Late Makes, Misses and Measurements Help Determine Game 6 Loss
If football is a game of inches, basketball is one of something smaller. Centimeters? Millimeters? After last night, Warriors fans probably think it’s about something even tinier.
The NBA is a make or miss league, they say. The outcome of a simple shot or two at any given time often draws the razor-thin line between winning and losing. It’s not always obvious when it happens but sometimes it is, and that’s when the sting of loss – from players, coaches and fans of the team on the less fortunate side – hurts the most.
The clock reads 2 minutes and 10 seconds remaining in a crucial game 6. The San Antonio Spurs lead the desperate Warriors by just three now, after four consecutive points by Jarrett Jack.
With Oracle Arena’s crowd deafening but growing louder still, Manu Ginobili retreats, then receives a high ball-screen from Tiago Splitter. Ginobili has the space he needs to get Festus Ezeli on his heels, and crosses the rookie over from right to left, drawing help from Carl Landry, the strong-side corner’s defender. He whips a pass to an open Kawhi Leonard. The precocious sophomore wing shot 39% from here in the regular season, a mark near league average.

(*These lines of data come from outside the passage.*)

(* Let $m=2k$ with $k\in\mathbb{N}$ and $\beta\in(1,k+1)$. There exists $\epsilon_0(\beta)>0$ such that: if $x\in[\frac{1}{\beta},\frac{1}{\beta}+\epsilon_0(\beta))$ then $T_{\beta,0}(x)\in[\frac{1}{\beta}+\epsilon_0(\beta),\frac{(m-1)\beta+1}{\beta(\beta-1)}-\epsilon_0(\beta)]$; and if $x\in(\frac{(m-1)\beta+1}{\beta(\beta-1)}-\epsilon_0(\beta),\frac{(m-1)\beta+1}{\beta(\beta-1)}]$ then $T_{\beta,m}(x)\in[\frac{1}{\beta}+\epsilon_0(\beta),\frac{(m-1)\beta+1}{\beta(\beta-1)}-\epsilon_0(\beta)]$.
   Context: $T_{\beta,i}(x)=\beta x-i$ for $i\in\{0,\ldots,m\}$. *)

theory Defs
  imports Complex_Main
begin

definition T :: "real \<Rightarrow> nat \<Rightarrow> real \<Rightarrow> real" where
  "T \<beta> i x = \<beta> * x - real i"

end

theory Submission
  imports Defs
begin

text \<open>Both branches are affine with slope \<open>\<beta>\<close>, and they send the endpoints of
  \<open>[1/\<beta>, B]\<close>, \<open>B = ((m-1)\<beta>+1)/(\<beta>(\<beta>-1))\<close>, to \<open>T \<beta> 0 (1/\<beta>) = 1\<close> and
  \<open>T \<beta> m B = (m+1-\<beta>)/(\<beta>-1)\<close>. As soon as \<open>\<beta> < m\<close> (implied by \<open>\<beta> < k+1\<close>) both
  images lie strictly inside \<open>(1/\<beta>, B)\<close>, so a small neighbourhood of each endpoint
  is mapped into the interval shrunk by any sufficiently small margin.\<close>

lemma eventually_affine_image_in_shrunk_interval:
  fixes \<beta> i p a b :: real
  assumes "0 < \<beta>" "a < \<beta> * p - i" "\<beta> * p - i < b"
  shows "\<forall>\<^sub>F \<epsilon> in at_right 0. \<forall>x. \<bar>x - p\<bar> < \<epsilon> \<longrightarrow> \<beta> * x - i \<in> {a + \<epsilon> .. b - \<epsilon>}"
proof -
  define y where "y = \<beta> * p - i"
  define d where "d = min (y - a) (b - y) / (\<beta> + 1)"
  have "d > 0" using assms unfolding d_def y_def by simp
  moreover have "\<forall>x. \<bar>x - p\<bar> < \<epsilon> \<longrightarrow> \<beta> * x - i \<in> {a + \<epsilon> .. b - \<epsilon>}"
    if "\<epsilon> < d" for \<epsilon>
  proof (intro allI impI)
    fix x assume "\<bar>x - p\<bar> < \<epsilon>"
    then have "\<bar>(\<beta> * x - i) - y\<bar> \<le> \<beta> * \<epsilon>"
      using \<open>0 < \<beta>\<close> by (simp add: y_def abs_mult flip: right_diff_distrib)
    moreover have "\<epsilon> * (\<beta> + 1) \<le> y - a" "\<epsilon> * (\<beta> + 1) \<le> b - y"
      using \<open>\<epsilon> < d\<close> \<open>0 < \<beta>\<close> by (simp_all add: d_def field_simps)
    ultimately show "\<beta> * x - i \<in> {a + \<epsilon> .. b - \<epsilon>}"
      by (auto simp: algebra_simps abs_le_iff)
  qed
  ultimately show ?thesis
    unfolding eventually_at_right_field by (intro exI[of _ d]) auto
qed

definition right_endpoint :: "real \<Rightarrow> nat \<Rightarrow> real" where
  "right_endpoint \<beta> m = ((real m - 1) * \<beta> + 1) / (\<beta> * (\<beta> - 1))"

lemma T_right_endpoint:
  assumes "1 < \<beta>"
  shows "T \<beta> m (right_endpoint \<beta> m) = (real m + 1 - \<beta>) / (\<beta> - 1)"
  using assms by (simp add: T_def right_endpoint_def field_simps)

lemma one_in_branch_interval:
  assumes "1 < \<beta>" "\<beta> < real m"
  shows "1 / \<beta> < 1" "1 < right_endpoint \<beta> m"
proof -
  have "\<beta> * \<beta> < \<beta> * real m" using assms by simp
  then have "\<beta> * \<beta> < 1 + \<beta> * real m" by linarith
  then show "1 / \<beta> < 1" "1 < right_endpoint \<beta> m"
    using assms by (simp_all add: right_endpoint_def field_simps)
qed

lemma T_right_endpoint_in_branch_interval:
  assumes "1 < \<beta>" "\<beta> < real m"
  shows "1 / \<beta> < (real m + 1 - \<beta>) / (\<beta> - 1)"
    and "(real m + 1 - \<beta>) / (\<beta> - 1) < right_endpoint \<beta> m"
proof -
  have "\<beta> * \<beta> < \<beta> * real m" using assms by simp
  then have "\<beta> * \<beta> < 1 + \<beta> * real m" by linarith
  then show "1 / \<beta> < (real m + 1 - \<beta>) / (\<beta> - 1)"
    using assms by (simp add: field_simps)
  have "0 < (\<beta> - 1) * (\<beta> - 1)" using assms by simp
  then have "\<beta> * (real m + 1 - \<beta>) < (real m - 1) * \<beta> + 1"
    by (simp add: algebra_simps)
  then have "\<beta> * (real m + 1 - \<beta>) / (\<beta> * (\<beta> - 1)) < right_endpoint \<beta> m"
    unfolding right_endpoint_def using assms by (intro divide_strict_right_mono) auto
  then show "(real m + 1 - \<beta>) / (\<beta> - 1) < right_endpoint \<beta> m"
    using assms by simp
qed

theorem lemma5p3:
  fixes k m :: nat and \<beta> :: real
  assumes "m = 2 * k" and "1 < \<beta>" and "\<beta> < real k + 1"
  shows "\<exists>\<epsilon>0 > 0.
    (\<forall>x. 1 / \<beta> \<le> x \<and> x < 1 / \<beta> + \<epsilon>0 \<longrightarrow>
       T \<beta> 0 x \<in> {1 / \<beta> + \<epsilon>0 .. ((real m - 1) * \<beta> + 1) / (\<beta> * (\<beta> - 1)) - \<epsilon>0}) \<and>
    (\<forall>x. ((real m - 1) * \<beta> + 1) / (\<beta> * (\<beta> - 1)) - \<epsilon>0 < x \<and>
         x \<le> ((real m - 1) * \<beta> + 1) / (\<beta> * (\<beta> - 1)) \<longrightarrow>
       T \<beta> m x \<in> {1 / \<beta> + \<epsilon>0 .. ((real m - 1) * \<beta> + 1) / (\<beta> * (\<beta> - 1)) - \<epsilon>0})"
proof -
  define B where "B = right_endpoint \<beta> m"
  have "k \<ge> 1" using assms by (cases k) auto
  then have "\<beta> < real m" using assms by linarith
  note inside = one_in_branch_interval[OF \<open>1 < \<beta>\<close> this]
    T_right_endpoint_in_branch_interval[OF \<open>1 < \<beta>\<close> this]
  have "\<forall>\<^sub>F \<epsilon> in at_right 0. 0 < \<epsilon> \<and>
      (\<forall>x. \<bar>x - 1 / \<beta>\<bar> < \<epsilon> \<longrightarrow> \<beta> * x - 0 \<in> {1 / \<beta> + \<epsilon> .. B - \<epsilon>}) \<and>
      (\<forall>x. \<bar>x - B\<bar> < \<epsilon> \<longrightarrow> \<beta> * x - m \<in> {1 / \<beta> + \<epsilon> .. B - \<epsilon>})"
    using inside T_right_endpoint[OF \<open>1 < \<beta>\<close>, of m] \<open>1 < \<beta>\<close> unfolding B_def
    by (intro eventually_conj eventually_at_right_less eventually_affine_image_in_shrunk_interval)
      (simp_all add: T_def)
  then obtain \<epsilon> where "\<epsilon> > 0"
    "\<And>x. \<bar>x - 1 / \<beta>\<bar> < \<epsilon> \<Longrightarrow> \<beta> * x \<in> {1 / \<beta> + \<epsilon> .. B - \<epsilon>}"
    "\<And>x. \<bar>x - B\<bar> < \<epsilon> \<Longrightarrow> \<beta> * x - m \<in> {1 / \<beta> + \<epsilon> .. B - \<epsilon>}"
    using eventually_happens'[OF trivial_limit_at_right_real] by force
  then show ?thesis
    unfolding B_def right_endpoint_def T_def
    by (intro exI[of _ \<epsilon>]) (auto simp: abs_less_iff)
qed

end
text \<open>A regular element of \<open>F\<^sub>1 \<times> \<dots> \<times> F\<^sub>n\<close> is a tuple with all entries nonzero, and two
  of them are adjacent iff they differ and have opposite entries in some coordinate. Since
  \<open>char F\<^sub>1 = 2\<close>, the tuples with first entry \<open>1\<close> form a clique of size
  \<open>\<Prod>\<^bsub>i\<ge>2\<^esub> (|F\<^sub>i| - 1)\<close>. Conversely, for \<open>i \<ge> 2\<close> pick \<open>g\<^sub>i : F\<^sub>1\<^sup>* \<rightarrow> F\<^sub>i\<^sup>*\<close> with
  \<open>g\<^sub>i a \<noteq> - g\<^sub>i b\<close> for \<open>a \<noteq> b\<close>: the constant \<open>1\<close> if \<open>char F\<^sub>i \<noteq> 2\<close>, and any injection
  (available since \<open>|F\<^sub>1| \<le> |F\<^sub>i|\<close>) if \<open>char F\<^sub>i = 2\<close>. Colour \<open>x\<close> by \<open>(g\<^sub>i(x\<^sub>1) x\<^sub>i)\<^bsub>i\<ge>2\<^esub>\<close>.
  Adjacent vertices of equal colour must differ in the first entry, so their zero sum
  sits in some coordinate \<open>i \<ge> 2\<close>, where \<open>x\<^sub>i = - y\<^sub>i\<close> forces \<open>g\<^sub>i(x\<^sub>1) = - g\<^sub>i(y\<^sub>1)\<close>.
  The formalisation indexes the factors from \<open>0\<close>.\<close>

lemma prod_zero_divisors_iff:
  assumes dom: "\<And>i. i < n \<Longrightarrow> domain (F i)"
    and z: "z \<in> prod_carrier F n"
  shows "z \<in> prod_zero_divisors F n \<longleftrightarrow> (\<exists>i<n. z i = \<zero>\<^bsub>F i\<^esub>)"
proof
  assume "z \<in> prod_zero_divisors F n"
  then obtain y where y: "y \<in> prod_carrier F n" "y \<noteq> prod_zero F n" "prod_mult F n z y = prod_zero F n"
    unfolding prod_zero_divisors_def by blast
  obtain i where i: "i < n" "y i \<noteq> \<zero>\<^bsub>F i\<^esub>"
    using y(1,2) unfolding prod_carrier_def prod_zero_def
    by (metis PiE_restrict lessThan_iff restrict_ext)
  have "z i \<otimes>\<^bsub>F i\<^esub> y i = \<zero>\<^bsub>F i\<^esub>"
    using fun_cong[OF y(3), of i] i unfolding prod_mult_def prod_zero_def by simp
  moreover have "z i \<in> carrier (F i)" "y i \<in> carrier (F i)"
    using z y(1) i unfolding prod_carrier_def by auto
  ultimately have "z i = \<zero>\<^bsub>F i\<^esub>"
    using i dom[of i] by (metis domain.integral_iff)
  with i show "\<exists>i<n. z i = \<zero>\<^bsub>F i\<^esub>" by blast
next
  assume "\<exists>i<n. z i = \<zero>\<^bsub>F i\<^esub>"
  then obtain i where i: "i < n" "z i = \<zero>\<^bsub>F i\<^esub>" by blast
  define y where "y = (\<lambda>j\<in>{..<n}. if j = i then \<one>\<^bsub>F j\<^esub> else \<zero>\<^bsub>F j\<^esub>)"
  have rg: "\<And>j. j < n \<Longrightarrow> ring (F j)"
    using dom by (simp add: domain.axioms(1) cring.axioms(1))
  have "y \<in> prod_carrier F n"
    unfolding y_def prod_carrier_def using rg by (auto intro!: ring.ring_simprules)
  moreover have "y \<noteq> prod_zero F n"
  proof
    assume "y = prod_zero F n"
    then have "y i = prod_zero F n i" by simp
    then show False
      using i dom[of i] unfolding y_def prod_zero_def by (simp add: domain.one_not_zero)
  qed
  moreover have "prod_mult F n z y = prod_zero F n"
    unfolding prod_mult_def prod_zero_def y_def
  proof (rule restrict_ext)
    fix j assume j: "j \<in> {..<n}"
    then have "z j \<in> carrier (F j)" using z unfolding prod_carrier_def by auto
    then show "z j \<otimes>\<^bsub>F j\<^esub> (\<lambda>j\<in>{..<n}. if j = i then \<one>\<^bsub>F j\<^esub> else \<zero>\<^bsub>F j\<^esub>) j = \<zero>\<^bsub>F j\<^esub>"
      using j i rg[of j] by (auto simp: ring.ring_simprules)
  qed
  ultimately show "z \<in> prod_zero_divisors F n"
    using z unfolding prod_zero_divisors_def by blast
qed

But it doesn’t matter now. Leonard connects, giving his team some extra breathing room and quieting the masses.
Jack determinately dribbles back up the floor with under two minutes remaining and his team down six points. If there’s a group most likely to erase such a deficit at these stakes against a team like the Spurs, it’s this one, with the record-setting duo of Steph Curry and Klay Thompson. Hope is hardly lost despite Leonard’s make.
Jack accelerates to the right wing after receiving a staggered double-screen from Ezeli and Landry. The two then continue left, setting the same action for Thompson, who has momentarily lost a ball-watching Ginobili. Thompson settles at the top of the key as Jack’s pass hits him square in the hands and Ginobili struggles to get an effective contest. He shot 39% from here during the regular season, five points better than the average shooter. But it doesn’t matter. Thompson’s shot hits the back rim, the front rim, and finally the backboard before caroming off San Antonio out of bounds. Long. Barely.
It’s still Golden State ball. After video review, the officials confirm the ball was last touched by Leonard. No harm, no foul. The Warriors have another chance to score before the Spurs do.
Curry in-bounds the ball to Thompson, who swings it to Jack at the top of the circle. Thompson clears to the far side of the floor as Ezeli and Landry prepare another double-screen for Jack to go right. They set it, and Curry finishes faking a baseline cut and begins to circle the three-point in a near full sprint. Ezeli and Landry take a few steps his direction to set a final staggered screen, and Curry comes off it with Tony Parker several feet behind him. He’s alone at the top of the key – his weakest spot, but one still above-average with respect to the league – and lets fly. Front rim, back rim, side rim, rebounded by the Spurs. Short. Somehow.
San Antonio still leads by six and it seems impossible. NBA history’s best three-point shooting pair got off two open attempts in one possession from the same spot. They just missed. The Spurs caught a break and the Warriors didn’t.
On the ensuing possession there’s one minute and 25 seconds remaining. Parker catches on the right wing and passes to Tiago Splitter at the elbow extended, then sets a pin-down for Ginobili. Splitter hands the ball to Ginobili as the latter reaches the perimeter and immediately turns to set a flip-screen. But Ginobili’s already passed the ball to Parker, who now stands in the near corner defended by Jack. He shot 47% from here during the regular season on a mere 21 attempts. Parker sizes Jack up, catches him napping and releases. Boom. Spurs by nine and comeback hopes all but officially over.
A game of millimeters, makes, misses, triumph, heartbreak. The Spurs got the bounces in game 6, and the Warriors didn’t. There’s more to losing a game and obviously a series than a string of shots late as the outcome hangs in the balance, but that doesn’t make the circumstantial and almost accidental nature of it all any easier.
That Golden State was in position to make those shots matter in game 6 of the Western Conference Semifinals was a surprise. Maybe next season and in future ones, the inch or something less will work out in their favor.
*Statistical support for this piece provided by NBA.com.